(* Let $H$ be the graph consisting of two vertex-disjoint triangles $v_1v_2v_3$ and $w_1w_2w_3$ together with the edge $v_3w_1$. Let $n\ge 7$ and let $G$ be a graph with $n$ vertices obtained from $H$ by attaching $n-6$ pendant edges (new leaves) to vertices of $H$, none of them to $v_3$ or $w_1$. Then $\operatorname{avm}(G)>\operatorname{avm}(T_n^1(3,3))$.
   Context: $\operatorname{avm}(G)$ is the average of $|M|$ over all maximal matchings $M$ of $G$ (a matching is maximal if not properly contained in another matching). $T_n^1(3,3)$ is the graph obtained from $H$ by attaching $n-6$ pendant edges (new leaves) to $v_3$. *)

theory Defs
  imports Complex_Main
begin

text \<open>Simple graphs given by their edge set; an edge is a 2-element set of vertices.\<close>

definition matching :: "'a set set \<Rightarrow> 'a set set \<Rightarrow> bool" where
  "matching E M \<longleftrightarrow> M \<subseteq> E \<and> (\<forall>e\<in>M. \<forall>f\<in>M. e \<noteq> f \<longrightarrow> e \<inter> f = {})"

definition maximal_matching :: "'a set set \<Rightarrow> 'a set set \<Rightarrow> bool" where
  "maximal_matching E M \<longleftrightarrow> matching E M \<and> (\<forall>M'. matching E M' \<and> M \<subseteq> M' \<longrightarrow> M' = M)"

definition avm :: "'a set set \<Rightarrow> real" where
  "avm E = (\<Sum>M\<in>{M. maximal_matching E M}. real (card M)) / real (card {M. maximal_matching E M})"

text \<open>H: triangles v1v2v3 = 0,1,2 and w1w2w3 = 3,4,5, plus the edge v3w1 = {2,3}.\<close>
definition H_edges :: "nat set set" where
  "H_edges = {{0,1},{1,2},{0,2},{3,4},{4,5},{3,5},{2,3}}"

definition pendant_graph :: "nat \<Rightarrow> (nat \<Rightarrow> nat) \<Rightarrow> nat set set" where
  "pendant_graph n a = H_edges \<union> (\<lambda>i. {i, a i}) ` {6..<n}"

text \<open>T_n^1(3,3): all n-6 leaves attached to v3 = vertex 2.\<close>
definition T1_33 :: "nat \<Rightarrow> nat set set" where
  "T1_33 n = pendant_graph n (\<lambda>_. 2)"

end

theory Submission
  imports Defs
begin

text \<open>
  Every maximal matching of \<open>G = pendant_graph n a\<close> has at least two edges. One with exactly two
  edges uses no pendant edge (a pendant edge meets only one vertex of \<open>H\<close>, and a vertex cover of
  \<open>H\<close> needs four), so it is one of the eight pairs \<open>{s, t}\<close> of triangle edges that also cover the
  bridge \<open>v3w1\<close>, and it must contain every attachment vertex: there are at most five such pairs
  through one vertex of \<open>{v1, v2, w2, w3}\<close>, and at most three through two of them. On the other
  hand, each pendant edge \<open>{i, a i}\<close> together with any of four suitable pairs of \<open>H\<close>-edges (two, if
  the attachment vertices are not all equal) extends to a maximal matching with at least three
  edges, and distinct choices give distinct matchings. With \<open>S\<close> two-edge maximal matchings among
  \<open>N\<close> in total, \<open>avm G \<ge> 3 - S / N\<close>, and the counts give \<open>S / N < 6 / (3 (n - 6) + 7)\<close>.
  In \<open>T_n^1(3,3)\<close> every maximal matching has at most three edges, six have exactly two, and there
  are at most \<open>3 (n - 6) + 7\<close> of them, so \<open>avm T \<le> 3 - 6 / (3 (n - 6) + 7)\<close>.
\<close>

lemma card_two_le: "card {x, y} \<le> 2"
  by (simp add: card_insert_if)

lemma card_three_le: "card {x, y, z} \<le> 3"
  by (simp add: card_insert_if)

lemma card_le_2_doubletonE:
  assumes "finite A" "A \<noteq> {}" "card A \<le> 2"
  obtains x y where "A = {x, y}"
proof -
  have "card A \<noteq> 0" using assms(1,2) by simp
  then have "card A = Suc 0 \<or> card A = 2" using assms(3) by linarith
  then show ?thesis using that by (auto simp: card_1_singleton_iff card_2_iff)
qed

▬▬▬

## WHAT NEEDS TO BE DONE
Once you have read the material above, write all of it out again exactly.

## PROBLEM SOLUTION
(* Let $H$ be the graph consisting of two vertex-disjoint triangles $v_1v_2v_3$ and $w_1w_2w_3$ together with the edge $v_3w_1$. Let $n\ge 7$ and let $G$ be a graph with $n$ vertices obtained from $H$ by attaching $n-6$ pendant edges (new leaves) to vertices of $H$, none of them to $v_3$ or $w_1$. Then $\operatorname{avm}(G)>\operatorname{avm}(T_n^1(3,3))$.
   Context: $\operatorname{avm}(G)$ is the average of $|M|$ over all maximal matchings $M$ of $G$ (a matching is maximal if not properly contained in another matching). $T_n^1(3,3)$ is the graph obtained from $H$ by attaching $n-6$ pendant edges (new leaves) to $v_3$. *)

theory Defs
  imports Complex_Main
begin

text \<open>Simple graphs given by their edge set; an edge is a 2-element set of vertices.\<close>

definition matching :: "'a set set \<Rightarrow> 'a set set \<Rightarrow> bool" where
  "matching E M \<longleftrightarrow> M \<subseteq> E \<and> (\<forall>e\<in>M. \<forall>f\<in>M. e \<noteq> f \<longrightarrow> e \<inter> f = {})"

definition maximal_matching :: "'a set set \<Rightarrow> 'a set set \<Rightarrow> bool" where
  "maximal_matching E M \<longleftrightarrow> matching E M \<and> (\<forall>M'. matching E M' \<and> M \<subseteq> M' \<longrightarrow> M' = M)"

definition avm :: "'a set set \<Rightarrow> real" where
  "avm E = (\<Sum>M\<in>{M. maximal_matching E M}. real (card M)) / real (card {M. maximal_matching E M})"

text \<open>H: triangles v1v2v3 = 0,1,2 and w1w2w3 = 3,4,5, plus the edge v3w1 = {2,3}.\<close>
definition H_edges :: "nat set set" where
  "H_edges = {{0,1},{1,2},{0,2},{3,4},{4,5},{3,5},{2,3}}"

definition pendant_graph :: "nat \<Rightarrow> (nat \<Rightarrow> nat) \<Rightarrow> nat set set" where
  "pendant_graph n a = H_edges \<union> (\<lambda>i. {i, a i}) ` {6..<n}"

text \<open>T_n^1(3,3): all n-6 leaves attached to v3 = vertex 2.\<close>
definition T1_33 :: "nat \<Rightarrow> nat set set" where
  "T1_33 n = pendant_graph n (\<lambda>_. 2)"

end

theory Submission
  imports Defs
begin

text \<open>
  Every maximal matching of \<open>G = pendant_graph n a\<close> has at least two edges. One with exactly two
  edges uses no pendant edge (a pendant edge meets only one vertex of \<open>H\<close>, and a vertex cover of
  \<open>H\<close> needs four), so it is one of the eight pairs \<open>{s, t}\<close> of triangle edges that also cover the
  bridge \<open>v3w1\<close>, and it must contain every attachment vertex: there are at most five such pairs
  through one vertex of \<open>{v1, v2, w2, w3}\<close>, and at most three through two of them. On the other
  hand, each pendant edge \<open>{i, a i}\<close> together with any of four suitable pairs of \<open>H\<close>-edges (two, if
  the attachment vertices are not all equal) extends to a maximal matching with at least three
  edges, and distinct choices give distinct matchings. With \<open>S\<close> two-edge maximal matchings among
  \<open>N\<close> in total, \<open>avm G \<ge> 3 - S / N\<close>, and the counts give \<open>S / N < 6 / (3 (n - 6) + 7)\<close>.
  In \<open>T_n^1(3,3)\<close> every maximal matching has at most three edges, six have exactly two, and there
  are at most \<open>3 (n - 6) + 7\<close> of them, so \<open>avm T \<le> 3 - 6 / (3 (n - 6) + 7)\<close>.
\<close>

lemma card_two_le: "card {x, y} \<le> 2"
  by (simp add: card_insert_if)

lemma card_three_le: "card {x, y, z} \<le> 3"
  by (simp add: card_insert_if)

lemma card_le_2_doubletonE:
  assumes "finite A" "A \<noteq> {}" "card A \<le> 2"
  obtains x y where "A = {x, y}"
proof -
  have "card A \<noteq> 0" using assms(1,2) by simp
  then have "card A = Suc 0 \<or> card A = 2" using assms(3) by linarith
  then show ?thesis using that by (auto simp: card_1_singleton_iff card_2_iff)
qed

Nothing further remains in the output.